= George B. Chapman =

American biologist (1925–2016)

George Bunker Chapman (June 10, 1925 – September 7, 2016) was a professor and a pioneer in research of cell biology and ultrastructure using transmission-light and transmission electron microscopy. He was the first person to see the interior structure of four bacterium species in electron micrographs he produced, described in his Ph.D. dissertation completed in 1953.

== Biography ==
Chapman was born in Bayonne, New Jersey on 10 June 1925 and died in Washington, D.C., on 7 September 2016. In 1943, he graduated from high school and served as a radio man in the United States Naval Reserve in the Pacific Theater in 1944–1945 during World War II. He was an undergraduate from 1946 to 1950 at Princeton University, graduating with high honors. In 1952, he earned his M.S. degree and in 1953, his Ph.D. also at Princeton.

Professor Frank H. Johnson supervised his senior thesis entitled “The isolation of a bacteriophage active against a strain of Erwinia carotovora that causes a soft rot of the onion.” Chapman published his senior-thesis research in the Journal of Bacteriology in 1950 and his Ph.D. research in the same journal in 1953. His Ph.D. thesis concerned Bacillus cereus, B. megatherium, Escherichia coli, and Protobacterium phosphoreum.
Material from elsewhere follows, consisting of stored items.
lemma gp_gp_left_eq:
  "gp p q (gp p q A B) C U = (\<Sum>S\<in>Pow {0..<p+q}. \<Sum>T\<in>Pow {0..<p+q}. \<Sum>W\<in>Pow {0..<p+q}.
     A S * B T * C W * (basis_sign p q S T * basis_coeff p q (sym_diff S T) W U))"
proof -
  let ?P = "Pow {0..<p+q}"
  let ?f = "\<lambda>R W S T. A S * B T * C W * (basis_coeff p q S T R * basis_coeff p q R W U)"
  have "gp p q (gp p q A B) C U = (\<Sum>R\<in>?P. \<Sum>W\<in>?P. \<Sum>S\<in>?P. \<Sum>T\<in>?P. ?f R W S T)"
    unfolding gp_eq_basis_coeff[of p q _ C] unfolding gp_eq_basis_coeff
    by (simp add: sum_distrib_right sum_distrib_left ac_simps)
  also have "\<dots> = (\<Sum>W\<in>?P. \<Sum>R\<in>?P. \<Sum>S\<in>?P. \<Sum>T\<in>?P. ?f R W S T)"
    by (rule sum.swap)
  also have "\<dots> = (\<Sum>W\<in>?P. \<Sum>S\<in>?P. \<Sum>R\<in>?P. \<Sum>T\<in>?P. ?f R W S T)"
    by (rule sum.cong[OF refl], rule sum.swap)
  also have "\<dots> = (\<Sum>W\<in>?P. \<Sum>S\<in>?P. \<Sum>T\<in>?P. \<Sum>R\<in>?P. ?f R W S T)"
    by (rule sum.cong[OF refl], rule sum.cong[OF refl], rule sum.swap)
  also have "\<dots> = (\<Sum>S\<in>?P. \<Sum>W\<in>?P. \<Sum>T\<in>?P. \<Sum>R\<in>?P. ?f R W S T)"
    by (rule sum.swap)
  also have "\<dots> = (\<Sum>S\<in>?P. \<Sum>T\<in>?P. \<Sum>W\<in>?P. \<Sum>R\<in>?P. ?f R W S T)"
    by (rule sum.cong[OF refl], rule sum.swap)
  also have "\<dots> = (\<Sum>S\<in>?P. \<Sum>T\<in>?P. \<Sum>W\<in>?P.
      A S * B T * C W * (basis_sign p q S T * basis_coeff p q (sym_diff S T) W U))"
    by (intro sum.cong refl) (simp add: sum_distrib_left[symmetric] sum_basis_coeff mult.assoc)
  finally show ?thesis .
qed

lemma gp_gp_right_eq:
  "gp p q A (gp p q B C) U = (\<Sum>S\<in>Pow {0..<p+q}. \<Sum>T\<in>Pow {0..<p+q}. \<Sum>W\<in>Pow {0..<p+q}.
     A S * B T * C W * (basis_sign p q T W * basis_coeff p q S (sym_diff T W) U))"
proof -
  let ?P = "Pow {0..<p+q}"
  let ?f = "\<lambda>S R T W. A S * B T * C W * (basis_coeff p q T W R * basis_coeff p q S R U)"
  have "gp p q A (gp p q B C) U = (\<Sum>S\<in>?P. \<Sum>R\<in>?P. \<Sum>T\<in>?P. \<Sum>W\<in>?P. ?f S R T W)"
    unfolding gp_eq_basis_coeff[of p q A _] unfolding gp_eq_basis_coeff
    by (simp add: sum_distrib_right sum_distrib_left ac_simps)
  also have "\<dots> = (\<Sum>S\<in>?P. \<Sum>T\<in>?P. \<Sum>R\<in>?P. \<Sum>W\<in>?P. ?f S R T W)"
    by (rule sum.cong[OF refl], rule sum.swap)
  also have "\<dots> = (\<Sum>S\<in>?P. \<Sum>T\<in>?P. \<Sum>W\<in>?P. \<Sum>R\<in>?P. ?f S R T W)"
    by (rule sum.cong[OF refl], rule sum.cong[OF refl], rule sum.swap)
  also have "\<dots> = (\<Sum>S\<in>?P. \<Sum>T\<in>?P. \<Sum>W\<in>?P.
      A S * B T * C W * (basis_sign p q T W * basis_coeff p q S (sym_diff T W) U))"
    by (intro sum.cong refl) (simp add: sum_distrib_left[symmetric] sum_basis_coeff mult.assoc)
  finally show ?thesis .
qed
(* Write x = r e^(i alpha), y = p e^(i beta) and a = pi / theta. The power map sends x, y to
   u = r^a e^(i a alpha), v = p^a e^(i a beta), and th(rho/2) = |u - v| / |u - conj v|.
   All distances involved have the form sqrt (R^2 + P^2 - 2 R P cos g), which equals
   2 sqrt (R P) sqrt (sinh (tau)^2 + sin (g/2)^2) with tau = ln (P/R) / 2, and the power map
   multiplies both tau and the angles by a. The boundary of S_theta consists of two rays; the
   shortest broken line x -> z -> y through a ray is obtained by reflecting y in it (it is the
   segment [x, y] if that meets the ray, and passes through the vertex if the reflected angle
   exceeds pi). Comparing these lengths with |u - v| and |u - conj v| reduces both inequalities
   to a sin t <= sin (a t), sinh (a t) <= a sinh t and a tanh t <= tanh (a t) for 0 <= a <= 1.
   For two points on the bisector the ratio tends to pi / theta as they merge and to 1 as one
   of them goes to infinity, which gives sharpness. *)

section \<open>Elementary inequalities\<close>

lemma mult_sin_le_sin_mult:
  fixes a x :: real
  assumes "0 \<le> a" "a \<le> 1" "0 \<le> x" "x \<le> pi"
  shows "a * sin x \<le> sin (a * x)"
proof -
  have "(\<lambda>t. sin (a*t) - a * sin t) 0 \<le> (\<lambda>t. sin (a*t) - a * sin t) x"
  proof (rule DERIV_nonneg_imp_increasing_open[OF assms(3)])
    fix t assume t: "0 < t" "t < x"
    show "\<exists>y. ((\<lambda>t. sin (a*t) - a * sin t) has_real_derivative y) (at t) \<and> 0 \<le> y"
    proof (intro exI conjI)
      show "((\<lambda>t. sin (a*t) - a * sin t) has_real_derivative (a * cos (a*t) - a * cos t)) (at t)"
        by (auto intro!: derivative_eq_intros)
      have "cos t \<le> cos (a*t)"
        using t assms by (intro cos_monotone_0_pi_le) (auto simp: mult_left_le_one_le)
      then show "0 \<le> a * cos (a*t) - a * cos t"
        using assms by (simp add: right_diff_distrib[symmetric])
    qed
  qed (intro continuous_intros)
  then show ?thesis by simp
qed

lemma sinh_mult_le_mult_sinh:
  fixes a t :: real
  assumes "0 \<le> a" "a \<le> 1" "0 \<le> t"
  shows "sinh (a * t) \<le> a * sinh t"
proof -
  have "(\<lambda>u. a * sinh u - sinh (a*u)) 0 \<le> (\<lambda>u. a * sinh u - sinh (a*u)) t"
  proof (rule DERIV_nonneg_imp_increasing_open[OF assms(3)])
    fix u assume u: "0 < u" "u < t"
    show "\<exists>y. ((\<lambda>u. a * sinh u - sinh (a*u)) has_real_derivative y) (at u) \<and> 0 \<le> y"
    proof (intro exI conjI)
      show "((\<lambda>u. a * sinh u - sinh (a*u)) has_real_derivative (a * cosh u - a * cosh (a*u))) (at u)"
        by (auto intro!: derivative_eq_intros)
      have "cosh (a*u) \<le> cosh u"
        using u assms by (subst cosh_real_nonneg_le_iff) (auto simp: mult_left_le_one_le)
      then show "0 \<le> a * cosh u - a * cosh (a*u)"
        using assms by (simp add: right_diff_distrib[symmetric])
    qed
  qed (intro continuous_intros)
  then show ?thesis by simp
qed

lemma mult_tanh_le_tanh_mult:
  fixes a t :: real
  assumes "0 \<le> a" "a \<le> 1" "0 \<le> t"
  shows "a * tanh t \<le> tanh (a * t)"
proof -
  have "(\<lambda>u. tanh (a*u) - a * tanh u) 0 \<le> (\<lambda>u. tanh (a*u) - a * tanh u) t"
  proof (rule DERIV_nonneg_imp_increasing_open[OF assms(3)])
    fix u assume u: "0 < u" "u < t"
    show "\<exists>y. ((\<lambda>u. tanh (a*u) - a * tanh u) has_real_derivative y) (at u) \<and> 0 \<le> y"
    proof (intro exI conjI)
      show "((\<lambda>u. tanh (a*u) - a * tanh u) has_real_derivative
              ((1 - tanh (a*u) ^ 2) * a - a * (1 - tanh u ^ 2))) (at u)"
        by (auto intro!: derivative_eq_intros)
      have "tanh (a*u) \<le> tanh u" "0 \<le> tanh (a*u)"
        using u assms by (auto simp: mult_left_le_one_le)
      then have "tanh (a*u) ^ 2 \<le> tanh u ^ 2" by (intro power_mono)
      then have "a * tanh (a*u) ^ 2 \<le> a * tanh u ^ 2" using assms by (intro mult_left_mono) auto
      then show "0 \<le> (1 - tanh (a*u) ^ 2) * a - a * (1 - tanh u ^ 2)"
        by (simp add: algebra_simps)
    qed
  qed (intro continuous_intros, auto)
  then show ?thesis by simp
qed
In 1953–1954, he was a research assistant at Princeton University; 1954–1956, research associate at Princeton (while being employed by RCA); 1956–1960, Assistant Professor of Zoology at Harvard University; 1960–1963, Associate Professor of Anatomy at Cornell University Medical College; 1963–2011, Professor of Biology at Georgetown University; and 2011–2016, Professor Emeritus at Georgetown. Anthony S. Fauci (May 16, 2019) was among his students at Cornell University.

== Academic career ==
Chapman was the Chair of Georgetown University's Department of Biology from 1963 to 1990, where he initiated the Department's graduate program and senior-thesis requirement and increased the size of its faculty. Under his chairmanship, the Department of Biology welcomed female professors including Rita R. Colwell, Ellen J. Henderson, and Diane Wallace Taylor. The Department annually awards the Chapman Medal to senior undergraduates for outstanding research projects.

George Chapman taught cytology and histology and electron microscopy. He performed research on many kinds of cells including those of an alga, bacteria, bees, cnidarians, fish (especially the Channel Catfish), a human, a leech, a phytoplasma, protozoa, a wasp, and a whale. He published over 100 scientific papers, was a fellow of the American Society for Microbiology and won two Georgetown Bunn Awards for teaching.